I would be so grateful if you would take him. Thank you so much for the offer.”

It may have seemed an act of kindness, but it was actually an act of self preservation. I didn’t think I could endure even a five minute visit with him inside that dismal place.

The nurses were not thrilled when I handed them Tanya’s written permission for me to take Christopher out of the building.

“You understand this will take us twenty minutes,” the nurse told me.

“I can wait,” I answered. I am sorry that it is so much trouble.”
“And you understand other patients will be short changed for us to honor this request.”

“Can I help?” I asked.

The nurse sucked in a large, noisy breath, and walked away. She returned with another aide to help dress and lift Christopher from the bed. With barely concealed frustration, the nurse showed me how to be sure the oxygen tank was full.

“This is the gauge. See this needle needs to point to the green area. When it is in the red, head back. You will still have twenty minutes at that point, but best not to take any chances.”

“It only looks half full. Will that be ok?”
“You have an hour of oxygen there,” she said, “How long will you be gone?”
“I only have about twenty minutes left,” I said, glancing at my watch.

“You’ll be fine.”

She seemed less angry as she showed me how to tilt Christopher back should we go over bumps.

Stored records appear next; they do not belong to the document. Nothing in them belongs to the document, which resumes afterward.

lemma tcomp_tadd_left [simp]:
  "f \<in> Hom A B \<Longrightarrow> g \<in> Hom A B \<Longrightarrow> h \<in> Hom B C \<Longrightarrow>
    tcomp A B C h (tadd A B f g) = tadd A C (tcomp A B C h f) (tcomp A B C h g)"
  by (simp add: tcomp_def tadd_def comp_add_left)

lemma tcomp_tadd_right [simp]:
  "f \<in> Hom A B \<Longrightarrow> g \<in> Hom B C \<Longrightarrow> h \<in> Hom B C \<Longrightarrow>
    tcomp A B C (tadd B C g h) f = tadd A C (tcomp A B C g f) (tcomp A B C h f)"
  by (simp add: tcomp_def tadd_def comp_add_right)

lemma tadd_tneg_right [simp]: "f \<in> Hom A B \<Longrightarrow> tadd A B f (tneg A B f) = dZero D A B"
  by (simp add: tadd_def tneg_def add_neg)

lemma tadd_tneg_left [simp]: "f \<in> Hom A B \<Longrightarrow> tadd A B (tneg A B f) f = dZero D A B"
  by (metis tadd_commute tadd_tneg_right tneg_in_Hom)

lemma tadd_tneg_cancel_left [simp]:
  "f \<in> Hom A B \<Longrightarrow> g \<in> Hom A B \<Longrightarrow> tadd A B f (tadd A B (tneg A B f) g) = g"
  by (metis tadd_assoc tadd_tneg_right tadd_zero_left tneg_in_Hom)

lemma tneg_tadd_cancel_left [simp]:
  "f \<in> Hom A B \<Longrightarrow> g \<in> Hom A B \<Longrightarrow> tadd A B (tneg A B f) (tadd A B f g) = g"
  by (metis tadd_assoc tadd_tneg_left tadd_zero_left tneg_in_Hom)

lemma tneg_unique:
  assumes "f \<in> Hom A B" "g \<in> Hom A B" "tadd A B f g = dZero D A B"
  shows "g = tneg A B f"
  by (metis assms tneg_tadd_cancel_left tadd_zero_right tneg_in_Hom)

lemma idempotent_tadd_eq_zero:
  assumes "u \<in> Hom A B" "u = tadd A B u u"
  shows "u = dZero D A B"
  by (metis assms tneg_tadd_cancel_left tadd_tneg_left)

lemma tcomp_zero_right [simp]: "g \<in> Hom B C \<Longrightarrow> tcomp A B C g (dZero D A B) = dZero D A C"
  by (rule idempotent_tadd_eq_zero) (simp, metis tcomp_tadd_left tadd_zero_right zero_hom)

lemma tcomp_zero_left [simp]: "f \<in> Hom A B \<Longrightarrow> tcomp A B C (dZero D B C) f = dZero D A C"
  by (rule idempotent_tadd_eq_zero) (simp, metis tcomp_tadd_right tadd_zero_right zero_hom)

lemma tneg_zero [simp]: "tneg A B (dZero D A B) = dZero D A B"
  by (metis tneg_unique tadd_zero_right zero_hom)

lemma tneg_tneg [simp]: "f \<in> Hom A B \<Longrightarrow> tneg A B (tneg A B f) = f"
  by (metis tneg_unique tadd_tneg_left tneg_in_Hom)

lemma tcomp_tneg_left [simp]:
  "f \<in> Hom A B \<Longrightarrow> g \<in> Hom B C \<Longrightarrow> tcomp A B C (tneg B C g) f = tneg A C (tcomp A B C g f)"
  by (rule tneg_unique) (simp_all flip: tcomp_tadd_right)

lemma tcomp_tneg_right [simp]:
  "f \<in> Hom A B \<Longrightarrow> g \<in> Hom B C \<Longrightarrow> tcomp A B C g (tneg A B f) = tneg A C (tcomp A B C g f)"
  by (rule tneg_unique) (simp_all flip: tcomp_tadd_left)

lemma tneg_tadd [simp]:
  assumes "f \<in> Hom A B" "g \<in> Hom A B"
  shows "tneg A B (tadd A B f g) = tadd A B (tneg A B f) (tneg A B g)"
proof (rule tneg_unique[symmetric])
  show "tadd A B (tadd A B f g) (tadd A B (tneg A B f) (tneg A B g)) = dZero D A B"
    using assms by (simp add: tadd_assoc tadd_left_commute[of g])
qed (use assms in simp_all)

lemma tdag_tdag [simp]: "f \<in> Hom A B \<Longrightarrow> tdag B A (tdag A B f) = f"
  by (simp add: tdag_def dag_dag)

lemma tdag_tcomp [simp]:
  "f \<in> Hom A B \<Longrightarrow> g \<in> Hom B C \<Longrightarrow> tdag A C (tcomp A B C g f) = tcomp C B A (tdag A B f) (tdag B C g)"
  by (simp add: tdag_def tcomp_def dag_comp)

lemma tdag_tadd [simp]:
  "f \<in> Hom A B \<Longrightarrow> g \<in> Hom A B \<Longrightarrow> tdag A B (tadd A B f g) = tadd B A (tdag A B f) (tdag A B g)"
  by (simp add: tdag_def tadd_def dag_add)

lemma tdag_id [simp]: "tdag A A (dId D A) = dId D A"
  by (simp add: tdag_def dag_id)

lemma tdag_zero [simp]: "tdag A B (dZero D A B) = dZero D B A"
  by (rule idempotent_tadd_eq_zero) (simp, metis tdag_tadd tadd_zero_right zero_hom)

lemma tdag_tneg [simp]: "f \<in> Hom A B \<Longrightarrow> tdag A B (tneg A B f) = tneg B A (tdag A B f)"
  by (rule tneg_unique) (simp_all flip: tdag_tadd)

lemma tdag_p1 [simp]: "tdag (A \<oplus> B) A (\<pi>\<^sub>1 A B) = \<iota>\<^sub>1 A B"
  by (simp add: tdag_def dag_p1)

lemma tdag_p2 [simp]: "tdag (A \<oplus> B) B (\<pi>\<^sub>2 A B) = \<iota>\<^sub>2 A B"
  by (simp add: tdag_def dag_p2)

lemma tdag_i1 [simp]: "tdag A (A \<oplus> B) (\<iota>\<^sub>1 A B) = \<pi>\<^sub>1 A B"
  by (metis tdag_def dag_p1 dag_dag p1_hom)

lemma tdag_i2 [simp]: "tdag B (A \<oplus> B) (\<iota>\<^sub>2 A B) = \<pi>\<^sub>2 A B"
  by (metis tdag_def dag_p2 dag_dag p2_hom)

section \<open>Biproducts\<close>

lemma tcomp_p1_i1 [simp]: "tcomp A (A \<oplus> B) A (\<pi>\<^sub>1 A B) (\<iota>\<^sub>1 A B) = dId D A"
  by (simp add: tcomp_def p1_i1)

lemma tcomp_p2_i2 [simp]: "tcomp B (A \<oplus> B) B (\<pi>\<^sub>2 A B) (\<iota>\<^sub>2 A B) = dId D B"
  by (simp add: tcomp_def p2_i2)

lemma tcomp_p1_i2 [simp]: "tcomp B (A \<oplus> B) A (\<pi>\<^sub>1 A B) (\<iota>\<^sub>2 A B) = dZero D B A"
  by (simp add: tcomp_def p1_i2)

lemma tcomp_p2_i1 [simp]: "tcomp A (A \<oplus> B) B (\<pi>\<^sub>2 A B) (\<iota>\<^sub>1 A B) = dZero D A B"
  by (simp add: tcomp_def p2_i1)

lemma tcomp_p1_i1_cancel [simp]:
  "f \<in> Hom Z A \<Longrightarrow> tcomp Z (A \<oplus> B) A (\<pi>\<^sub>1 A B) (tcomp Z A (A \<oplus> B) (\<iota>\<^sub>1 A B) f) = f"
  by (metis tcomp_p1_i1 tcomp_assoc tcomp_id_left structure_maps_in_Hom)

lemma tcomp_p2_i2_cancel [simp]:
  "f \<in> Hom Z B \<Longrightarrow> tcomp Z (A \<oplus> B) B (\<pi>\<^sub>2 A B) (tcomp Z B (A \<oplus> B) (\<iota>\<^sub>2 A B) f) = f"
  by (metis tcomp_p2_i2 tcomp_assoc tcomp_id_left structure_maps_in_Hom)

lemma tcomp_p1_i2_cancel [simp]:
  "f \<in> Hom Z B \<Longrightarrow> tcomp Z (A \<oplus> B) A (\<pi>\<^sub>1 A B) (tcomp Z B (A \<oplus> B) (\<iota>\<^sub>2 A B) f) = dZero D Z A"
  by (metis tcomp_p1_i2 tcomp_assoc tcomp_zero_left structure_maps_in_Hom)

lemma tcomp_p2_i1_cancel [simp]:
  "f \<in> Hom Z A \<Longrightarrow> tcomp Z (A \<oplus> B) B (\<pi>\<^sub>2 A B) (tcomp Z A (A \<oplus> B) (\<iota>\<^sub>1 A B) f) = dZero D Z B"
  by (metis tcomp_p2_i1 tcomp_assoc tcomp_zero_left structure_maps_in_Hom)

lemma tadd_biproduct_id:
  "tadd (A \<oplus> B) (A \<oplus> B) (tcomp (A \<oplus> B) A (A \<oplus> B) (\<iota>\<^sub>1 A B) (\<pi>\<^sub>1 A B))
     (tcomp (A \<oplus> B) B (A \<oplus> B) (\<iota>\<^sub>2 A B) (\<pi>\<^sub>2 A B)) = dId D (A \<oplus> B)"
  by (simp add: tadd_def tcomp_def bip_sum)

text \<open>
  Recording the type of an equation lets \<open>intro\<close> apply the extensionality rules below,
  which need to see that the domain or codomain is a biproduct.
\<close>

definition hom_eq :: "'o \<Rightarrow> 'o \<Rightarrow> 'm \<Rightarrow> 'm \<Rightarrow> bool" where
  "hom_eq A B u v \<longleftrightarrow> u \<in> Hom A B \<and> v \<in> Hom A B \<and> u = v"

lemma hom_eqD: "hom_eq A B u v \<Longrightarrow> u = v"
  by (simp add: hom_eq_def)

lemma hom_eq_into_biproduct:
  assumes u: "u \<in> Hom Z (A \<oplus> B)" and v: "v \<in> Hom Z (A \<oplus> B)"
    and "hom_eq Z A (tcomp Z (A \<oplus> B) A (\<pi>\<^sub>1 A B) u) (tcomp Z (A \<oplus> B) A (\<pi>\<^sub>1 A B) v)"
    and "hom_eq Z B (tcomp Z (A \<oplus> B) B (\<pi>\<^sub>2 A B) u) (tcomp Z (A \<oplus> B) B (\<pi>\<^sub>2 A B) v)"
  shows "hom_eq Z (A \<oplus> B) u v"
proof -
  have "w = tadd Z (A \<oplus> B) (tcomp Z A (A \<oplus> B) (\<iota>\<^sub>1 A B) (tcomp Z (A \<oplus> B) A (\<pi>\<^sub>1 A B) w))
      (tcomp Z B (A \<oplus> B) (\<iota>\<^sub>2 A B) (tcomp Z (A \<oplus> B) B (\<pi>\<^sub>2 A B) w))"
    if "w \<in> Hom Z (A \<oplus> B)" for w
    using that tcomp_id_left[OF that] by (simp flip: tadd_biproduct_id)
  then show ?thesis
    using assms by (metis hom_eq_def)
qed

lemma hom_eq_from_biproduct:
  assumes u: "u \<in> Hom (A \<oplus> B) Z" and v: "v \<in> Hom (A \<oplus> B) Z"
    and "hom_eq A Z (tcomp A (A \<oplus> B) Z u (\<iota>\<^sub>1 A B)) (tcomp A (A \<oplus> B) Z v (\<iota>\<^sub>1 A B))"
    and "hom_eq B Z (tcomp B (A \<oplus> B) Z u (\<iota>\<^sub>2 A B)) (tcomp B (A \<oplus> B) Z v (\<iota>\<^sub>2 A B))"
  shows "hom_eq (A \<oplus> B) Z u v"
proof -
  have "w = tadd (A \<oplus> B) Z (tcomp (A \<oplus> B) A Z (tcomp A (A \<oplus> B) Z w (\<iota>\<^sub>1 A B)) (\<pi>\<^sub>1 A B))
      (tcomp (A \<oplus> B) B Z (tcomp B (A \<oplus> B) Z w (\<iota>\<^sub>2 A B)) (\<pi>\<^sub>2 A B))"
    if "w \<in> Hom (A \<oplus> B) Z" for w
    using that tcomp_id_right[OF that] by (simp flip: tadd_biproduct_id)
  then show ?thesis
    using assms by (metis hom_eq_def)
qed

lemma hom_eq_from_zero_object: "u \<in> Hom (dZob D) B \<Longrightarrow> v \<in> Hom (dZob D) B \<Longrightarrow> hom_eq (dZob D) B u v"
  using zero_obj_from by (auto simp: hom_eq_def)

lemma hom_eq_into_zero_object: "u \<in> Hom A (dZob D) \<Longrightarrow> v \<in> Hom A (dZob D) \<Longrightarrow> hom_eq A (dZob D) u v"
  using zero_obj_to by (auto simp: hom_eq_def)

lemmas hom_eq_intros =
  hom_eq_from_zero_object hom_eq_into_zero_object hom_eq_into_biproduct hom_eq_from_biproduct

lemma dsum_eq [simp]:
  "dsum D A C B E f g = tadd (A \<oplus> C) (B \<oplus> E)
     (tcomp (A \<oplus> C) B (B \<oplus> E) (\<iota>\<^sub>1 B E) (tcomp (A \<oplus> C) A B f (\<pi>\<^sub>1 A C)))
     (tcomp (A \<oplus> C) E (B \<oplus> E) (\<iota>\<^sub>2 B E) (tcomp (A \<oplus> C) C E g (\<pi>\<^sub>2 A C)))"
  by (simp add: dsum_def tadd_def tcomp_def)

lemma dsum_in_Hom [simp]: "f \<in> Hom A B \<Longrightarrow> g \<in> Hom C E \<Longrightarrow> dsum D A C B E f g \<in> Hom (A \<oplus> C) (B \<oplus> E)"
  by simp

lemma dpair_eq:
  "dpair D B E x y = tadd X (B \<oplus> E) (tcomp X B (B \<oplus> E) (\<iota>\<^sub>1 B E) x) (tcomp X E (B \<oplus> E) (\<iota>\<^sub>2 B E) y)"
  by (simp add: dpair_def tadd_def tcomp_def)

definition assoc_map :: "'o \<Rightarrow> 'o \<Rightarrow> 'o \<Rightarrow> 'm" where
  "assoc_map A B C = tadd ((A \<oplus> B) \<oplus> C) (A \<oplus> B \<oplus> C)
     (tcomp ((A \<oplus> B) \<oplus> C) A (A \<oplus> B \<oplus> C) (\<iota>\<^sub>1 A (B \<oplus> C))
        (tcomp ((A \<oplus> B) \<oplus> C) (A \<oplus> B) A (\<pi>\<^sub>1 A B) (\<pi>\<^sub>1 (A \<oplus> B) C)))
     (tcomp ((A \<oplus> B) \<oplus> C) (B \<oplus> C) (A \<oplus> B \<oplus> C) (\<iota>\<^sub>2 A (B \<oplus> C))
        (tadd ((A \<oplus> B) \<oplus> C) (B \<oplus> C)
          (tcomp ((A \<oplus> B) \<oplus> C) B (B \<oplus> C) (\<iota>\<^sub>1 B C)
             (tcomp ((A \<oplus> B) \<oplus> C) (A \<oplus> B) B (\<pi>\<^sub>2 A B) (\<pi>\<^sub>1 (A \<oplus> B) C)))
          (tcomp ((A \<oplus> B) \<oplus> C) C (B \<oplus> C) (\<iota>\<^sub>2 B C) (\<pi>\<^sub>2 (A \<oplus> B) C))))"

lemma assoc_map_in_Hom [simp]: "assoc_map A B C \<in> Hom ((A \<oplus> B) \<oplus> C) (A \<oplus> B \<oplus> C)"
  by (simp add: assoc_map_def)

definition assoc_inv_map :: "'o \<Rightarrow> 'o \<Rightarrow> 'o \<Rightarrow> 'm" where
  "assoc_inv_map A B C = tadd (A \<oplus> B \<oplus> C) ((A \<oplus> B) \<oplus> C)
     (tcomp (A \<oplus> B \<oplus> C) (A \<oplus> B) ((A \<oplus> B) \<oplus> C) (\<iota>\<^sub>1 (A \<oplus> B) C)
        (tadd (A \<oplus> B \<oplus> C) (A \<oplus> B)
          (tcomp (A \<oplus> B \<oplus> C) A (A \<oplus> B) (\<iota>\<^sub>1 A B) (\<pi>\<^sub>1 A (B \<oplus> C)))
          (tcomp (A \<oplus> B \<oplus> C) B (A \<oplus> B) (\<iota>\<^sub>2 A B)
             (tcomp (A \<oplus> B \<oplus> C) (B \<oplus> C) B (\<pi>\<^sub>1 B C) (\<pi>\<^sub>2 A (B \<oplus> C))))))
     (tcomp (A \<oplus> B \<oplus> C) C ((A \<oplus> B) \<oplus> C) (\<iota>\<^sub>2 (A \<oplus> B) C)
        (tcomp (A \<oplus> B \<oplus> C) (B \<oplus> C) C (\<pi>\<^sub>2 B C) (\<pi>\<^sub>2 A (B \<oplus> C))))"

lemma assoc_inv_map_in_Hom [simp]: "assoc_inv_map A B C \<in> Hom (A \<oplus> B \<oplus> C) ((A \<oplus> B) \<oplus> C)"
  by (simp add: assoc_inv_map_def)

definition swap_map :: "'o \<Rightarrow> 'o \<Rightarrow> 'm" where
  "swap_map A B = tadd (A \<oplus> B) (B \<oplus> A) (tcomp (A \<oplus> B) A (B \<oplus> A) (\<iota>\<^sub>2 B A) (\<pi>\<^sub>1 A B))
     (tcomp (A \<oplus> B) B (B \<oplus> A) (\<iota>\<^sub>1 B A) (\<pi>\<^sub>2 A B))"

lemma swap_map_in_Hom [simp]: "swap_map A B \<in> Hom (A \<oplus> B) (B \<oplus> A)"
  by (simp add: swap_map_def)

“You would not want him tumbling out.”
“No,” I agreed, “You are right about that.”

She smiled at me, and patted Christopher’s hand.

“Going on an adventure,” she said. He smiled.

It was a huge, heavy wheelchair. By the time they got Christopher in it, a half hour job all told, it looked like a spaceship with all its tubes and gauges, and heavy oxygen tank.

“Wish me luck,” I said to the nurse, who was already scurrying to another patient’s room. Asherel followed me to the elevator. I grunted as I pushed the heavy chair forward.

“Have fun, Christopher,” called the nurse, disappearing around a corner.

On the ramp out of the building, the heavy wheelchair, which probably weighed more than me, began to accelerate.

“Help me, quick!” I called to Asherel. We both held tightly to the chair, digging our heels in, leaning back. We managed to evade the first disaster, as the wheelchair slowly rolled to a stop.

Having made it successfully down the steep ramp, we wheeled quickly across the narrow street. As we bounced up the curb, jostling Christopher, the wheelchair threatened to roll back on us but we heaved it forward. Disaster number two averted. Now crossing under the canopy of trees, Christopher looked up at the limbs scraping the deep blue sky and began to laugh. I had never seen him laugh like that before. It bubbled across his whole face. Every time we would pass under a tree, he would laugh. He was tilted back in the chair since he did not have the body control to sit fully upright, so his gaze was focused upward. His blue eyes reflected the sky.